Saved data entries:
____________________

(* Let $S$ be an abelian surface over $\mathbb{F}_q$ isogenous to $E_1\times E_2$, where $E_1,E_2$ are ordinary elliptic curves over $\mathbb{F}_q$ that are isogenous over $\overline{\mathbb{F}}_q$. Let $m$ be the smallest positive integer such that $E_1$ and $E_2$ are isogenous over $\mathbb{F}_{q^m}$. Then $m\in\{1,2,3,4,6\}$, $S$ has angle rank $1$, and $\mathrm{SF}(S)\cong\mathrm{U}(1)\times C_m$.
   Context: Let $q=p^d$ with $p$ prime. For an abelian variety $A$ of dimension $g$ over $\mathbb{F}_q$, let $P_A(T)$ be the characteristic polynomial of Frobenius (on an $\ell$-adic Tate module); its roots, with multiplicity, are $\alpha_1,\dots,\alpha_g,\bar\alpha_1,\dots,\bar\alpha_g$ with $|\alpha_j|=\sqrt q$; put $u_j=\alpha_j/\sqrt q\in\mathrm{U}(1)$. The Serre–Frobenius group $\mathrm{SF}(A)$ is the closure in $\mathrm{U}(1)^g$ of the subgroup generated by $(u_1,\dots,u_g)$. The angle rank is the rank of the subgroup of $\mathbb{C}^\times$ generated by $u_1,\dots,u_g$. $C_m$ is the cyclic group of order $m$. An elliptic curve with Frobenius polynomial $T^2-aT+q$ is ordinary if $p\nmid a$. *)

theory Defs
  imports "HOL-Analysis.Analysis" "HOL-Computational_Algebra.Polynomial"
begin

definition frob_poly :: "int \<Rightarrow> nat \<Rightarrow> int poly" where
  "frob_poly a q = [:int q, - a, 1:]"

text \<open>Characteristic polynomial of Frobenius over F_(q^n) of an elliptic curve
  whose Frobenius eigenvalues over F_q are alpha and its conjugate.
  By Tate's theorem two elliptic curves are isogenous over F_(q^n) iff these agree.\<close>
definition frob_poly_ext :: "complex \<Rightarrow> nat \<Rightarrow> complex poly" where
  "frob_poly_ext \<alpha> n = [:- (\<alpha> ^ n), 1:] * [:- (cnj \<alpha> ^ n), 1:]"

definition isogenous_over_ext :: "complex \<Rightarrow> complex \<Rightarrow> nat \<Rightarrow> bool" where
  "isogenous_over_ext \<alpha>1 \<alpha>2 n \<longleftrightarrow> frob_poly_ext \<alpha>1 n = frob_poly_ext \<alpha>2 n"

text \<open>Serre--Frobenius group of a surface with normalized eigenvalues (u1,u2):
  closure in U(1)^2 (inside complex x complex, product topology) of the subgroup generated.\<close>
definition SF2 :: "complex \<Rightarrow> complex \<Rightarrow> (complex \<times> complex) set" where
  "SF2 u1 u2 = closure {(u1 powi k, u2 powi k) | k :: int. True}"

definition gen_mult_group :: "complex list \<Rightarrow> complex set" where
  "gen_mult_group us = {(\<Prod>i<length us. (us ! i) powi (k i)) | k :: nat \<Rightarrow> int. True}"

definition mult_indep :: "complex list \<Rightarrow> bool" where
  "mult_indep xs \<longleftrightarrow> (\<forall>k :: nat \<Rightarrow> int.
      (\<Prod>i<length xs. (xs ! i) powi (k i)) = 1 \<longrightarrow> (\<forall>i<length xs. k i = 0))"

definition has_rank :: "complex set \<Rightarrow> nat \<Rightarrow> bool" where
  "has_rank G r \<longleftrightarrow>
     (\<exists>xs. length xs = r \<and> set xs \<subseteq> G \<and> mult_indep xs) \<and>
     \<not> (\<exists>xs. length xs = Suc r \<and> set xs \<subseteq> G \<and> mult_indep xs)"

definition angle_rank_is :: "complex list \<Rightarrow> nat \<Rightarrow> bool" where
  "angle_rank_is us r \<longleftrightarrow> has_rank (gen_mult_group us) r"

text \<open>U(1) x C_m realised inside complex x complex (C_m = m-th roots of unity).\<close>
definition U1_times_C :: "nat \<Rightarrow> (complex \<times> complex) set" where
  "U1_times_C m = {(z, w). cmod z = 1 \<and> w ^ m = 1}"

definition pmul :: "complex \<times> complex \<Rightarrow> complex \<times> complex \<Rightarrow> complex \<times> complex" where
  "pmul x y = (fst x * fst y, snd x * snd y)"

definition top_group_iso :: "(complex \<times> complex) set \<Rightarrow> (complex \<times> complex) set \<Rightarrow> bool" where
  "top_group_iso A B \<longleftrightarrow> (\<exists>f g. homeomorphism A B f g \<and>
      (\<forall>x\<in>A. \<forall>y\<in>A. f (pmul x y) = pmul (f x) (f y)))"

end

theory Submission
  imports Defs "HOL-Computational_Algebra.Primes"
begin

text \<open>
  Let \<open>\<beta>\<^sub>1, \<beta>\<^sub>2\<close> be the Frobenius eigenvalues of \<open>S\<close>. Up to complex conjugation they are those
  of \<open>E\<^sub>1\<close> and \<open>E\<^sub>2\<close>, and the curves become isogenous over \<open>F_(q^n)\<close> exactly when
  \<open>\<beta>\<^sub>2\<^sup>n \<in> {\<beta>\<^sub>1\<^sup>n, cnj \<beta>\<^sub>1\<^sup>n}\<close>. Minimality of \<open>m\<close> therefore gives \<open>\<beta>\<^sub>2 = \<zeta> \<gamma>\<close> with
  \<open>\<gamma> \<in> {\<beta>\<^sub>1, cnj \<beta>\<^sub>1}\<close> and \<open>\<zeta>\<close> a primitive \<open>m\<close>-th root of unity. Reducing powers modulo the
  Frobenius quadratics shows that \<open>\<zeta> + cnj \<zeta>\<close> is rational; for a root of unity a Lucas sequence
  argument makes it an integer in \<open>[-2, 2]\<close>, so \<open>\<zeta>\<^sup>4 = 1\<close> or \<open>\<zeta>\<^sup>6 = 1\<close>, i.e. \<open>m \<in> {1, 2, 3, 4, 6}\<close>.

  Ordinarity says that \<open>u = \<beta>\<^sub>1 / sqrt q\<close> is not a root of unity, so by Kronecker's theorem the
  powers of \<open>u\<close> are dense in \<open>U(1)\<close> and the group generated by \<open>(u, \<zeta>)\<close> has closure
  \<open>U(1) \<times> C\<^sub>m\<close>. The normalised eigenvalues are \<open>(u, \<zeta> u\<^sup>s)\<close> with \<open>s = \<plusminus>1\<close>, the image of
  \<open>(u, \<zeta>)\<close> under the shear \<open>(z, w) \<mapsto> (z, w z\<^sup>s)\<close>, which is an isomorphism of topological groups.
  The angle rank is \<open>1\<close> because the \<open>m\<close>-th power of every element of the generated group lies in
  the cyclic group generated by \<open>u\<close>.
\<close>

section \<open>Lucas sequences and traces of roots of unity\<close>

fun lucas_V :: "int \<Rightarrow> int \<Rightarrow> nat \<Rightarrow> int" where
  "lucas_V P Q 0 = 2"
| "lucas_V P Q (Suc 0) = P"
| "lucas_V P Q (Suc (Suc k)) = P * lucas_V P Q (Suc k) - Q * lucas_V P Q k"

lemma power_sum_eq_lucas_V:
  fixes X Y :: "'a :: comm_ring_1"
  assumes "X + Y = of_int P" and "X * Y = of_int Q"
  shows "X ^ k + Y ^ k = of_int (lucas_V P Q k)"
proof (induction k rule: induct_nat_012)
  case (ge2 k)
  have "X ^ Suc (Suc k) + Y ^ Suc (Suc k)
      = (X + Y) * (X ^ Suc k + Y ^ Suc k) - (X * Y) * (X ^ k + Y ^ k)"
    by (simp add: algebra_simps)
  with ge2 assms show ?case
    by simp
qed (use assms in simp_all)

lemma lucas_V_cong_power:
  assumes "k > 0"
  shows "Q dvd lucas_V P Q k - P ^ k"
  using assms
proof (induction k rule: induct_nat_012)
  case (ge2 k)
  have "lucas_V P Q (Suc (Suc k)) - P ^ Suc (Suc k)
      = P * (lucas_V P Q (Suc k) - P ^ Suc k) - Q * lucas_V P Q k"
    by (simp add: algebra_simps)
  with ge2 show ?case
    by (metis dvd_diff dvd_mult dvd_triv_left zero_less_Suc)
qed simp_all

____________________

▶ [Task directions] Between the first line of the entries above and the line with "a q = [:int", both included, copy every line exactly and nothing outside that range.

▶ [Output of the exercise]
(* Let $S$ be an abelian surface over $\mathbb{F}_q$ isogenous to $E_1\times E_2$, where $E_1,E_2$ are ordinary elliptic curves over $\mathbb{F}_q$ that are isogenous over $\overline{\mathbb{F}}_q$. Let $m$ be the smallest positive integer such that $E_1$ and $E_2$ are isogenous over $\mathbb{F}_{q^m}$. Then $m\in\{1,2,3,4,6\}$, $S$ has angle rank $1$, and $\mathrm{SF}(S)\cong\mathrm{U}(1)\times C_m$.
   Context: Let $q=p^d$ with $p$ prime. For an abelian variety $A$ of dimension $g$ over $\mathbb{F}_q$, let $P_A(T)$ be the characteristic polynomial of Frobenius (on an $\ell$-adic Tate module); its roots, with multiplicity, are $\alpha_1,\dots,\alpha_g,\bar\alpha_1,\dots,\bar\alpha_g$ with $|\alpha_j|=\sqrt q$; put $u_j=\alpha_j/\sqrt q\in\mathrm{U}(1)$. The Serre–Frobenius group $\mathrm{SF}(A)$ is the closure in $\mathrm{U}(1)^g$ of the subgroup generated by $(u_1,\dots,u_g)$. The angle rank is the rank of the subgroup of $\mathbb{C}^\times$ generated by $u_1,\dots,u_g$. $C_m$ is the cyclic group of order $m$. An elliptic curve with Frobenius polynomial $T^2-aT+q$ is ordinary if $p\nmid a$. *)

theory Defs
  imports "HOL-Analysis.Analysis" "HOL-Computational_Algebra.Polynomial"
begin

definition frob_poly :: "int \<Rightarrow> nat \<Rightarrow> int poly" where
  "frob_poly a q = [:int q, - a, 1:]"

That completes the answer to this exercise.